=== INFORMATION SHOWN ===

lemma summable_level_bounds_if_invariant:
  fixes w :: "nat \<Rightarrow> 'a::real_normed_field" and m :: "(nat \<Rightarrow> 'a) measure"
  assumes p: "0 < p" and bounded: "bounded (w ` {1..})" and nonzero: "\<forall>n\<ge>1. w n \<noteq> 0"
    and "prob_space m" and sets_m: "sets m = sets (lp_borel p)"
    and invariant: "\<forall>A\<in>sets (lp_borel p). emeasure m (bshift w -` A \<inter> space m) = emeasure m A"
    and "0 < \<epsilon>" and charged: "0 < measure m {x\<in>space m. \<epsilon> < norm ((\<Prod>k=1..j. w k) * x j)}"
  shows "summable (\<lambda>n. (\<epsilon> / norm (\<Prod>k=1..n. w k)) powr p)"
proof -
  interpret prob_space m by fact
  define D where "D n = {x\<in>space m. \<epsilon> < norm ((\<Prod>k=1..n. w k) * x n)}" for n
  have space_m: "space m = lp p"
    using sets_eq_imp_space_eq[OF sets_m] by (simp add: space_lp_borel)
  have [measurable]: "(\<lambda>x. x n) \<in> borel_measurable m" "(\<lambda>x. c * x n) \<in> borel_measurable m" for c n
    using measurable_coordinate_lp_borel[OF p] measurable_scaled_coordinate_lp_borel[OF p]
    by (simp_all add: measurable_cong_sets[OF sets_m refl])
  have D_events: "D n \<in> events" for n
    unfolding D_def by measurable
  have "bshift w \<in> lp p \<rightarrow> lp p"
    using measurable_space[OF measurable_bshift[OF p bounded]] by (auto simp: space_lp_borel)
  then have vimage_D: "bshift w -` D n \<inter> space m = D (Suc n)" for n
    unfolding D_def space_m by (rule vimage_bshift_level_set)
  have "prob (D (Suc n)) = prob (D n)" for n
    using invariant D_events[of n] sets_m unfolding vimage_D[symmetric] measure_def by simp
  then have prob_D_0: "prob (D n) = prob (D 0)" for n
    by (induction n) simp_all
  show ?thesis
  proof (rule summable_if_lower_bounds_on_likely_events[where \<delta> = "prob (D j)"])
    show "(\<lambda>x. norm (x n) powr p) \<in> borel_measurable m" for n
      by measurable
    show "x \<in> space m \<Longrightarrow> summable (\<lambda>n. norm (x n) powr p)" for x
      by (simp add: space_m lp_def)
    show "(\<epsilon> / norm (\<Prod>k=1..n. w k)) powr p \<le> norm (x n) powr p" if "x \<in> D n" for n x
    proof -
      have "(\<Prod>k=1..n. w k) \<noteq> 0"
        using nonzero by (auto simp: prod_zero_iff)
      then have "\<epsilon> / norm (\<Prod>k=1..n. w k) < norm (x n)"
        using that by (simp add: D_def norm_mult field_simps)
      then show ?thesis
        using \<open>0 < \<epsilon>\<close> p by (intro powr_mono2) auto
    qed
    show "prob (D j) \<le> prob (D n)" for n
      using prob_D_0[of n] prob_D_0[of j] by simp
  qed (use D_events charged in \<open>auto simp: D_def\<close>)
qed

===

● **TASK PROMPT**: From the entries, copy every line in which the word "open" occurs.

● **EXERCISE ANSWER**:
        using \<open>0 < \<epsilon>\<close> p by (intro powr_mono2) auto
  qed (use D_events charged in \<open>auto simp: D_def\<close>)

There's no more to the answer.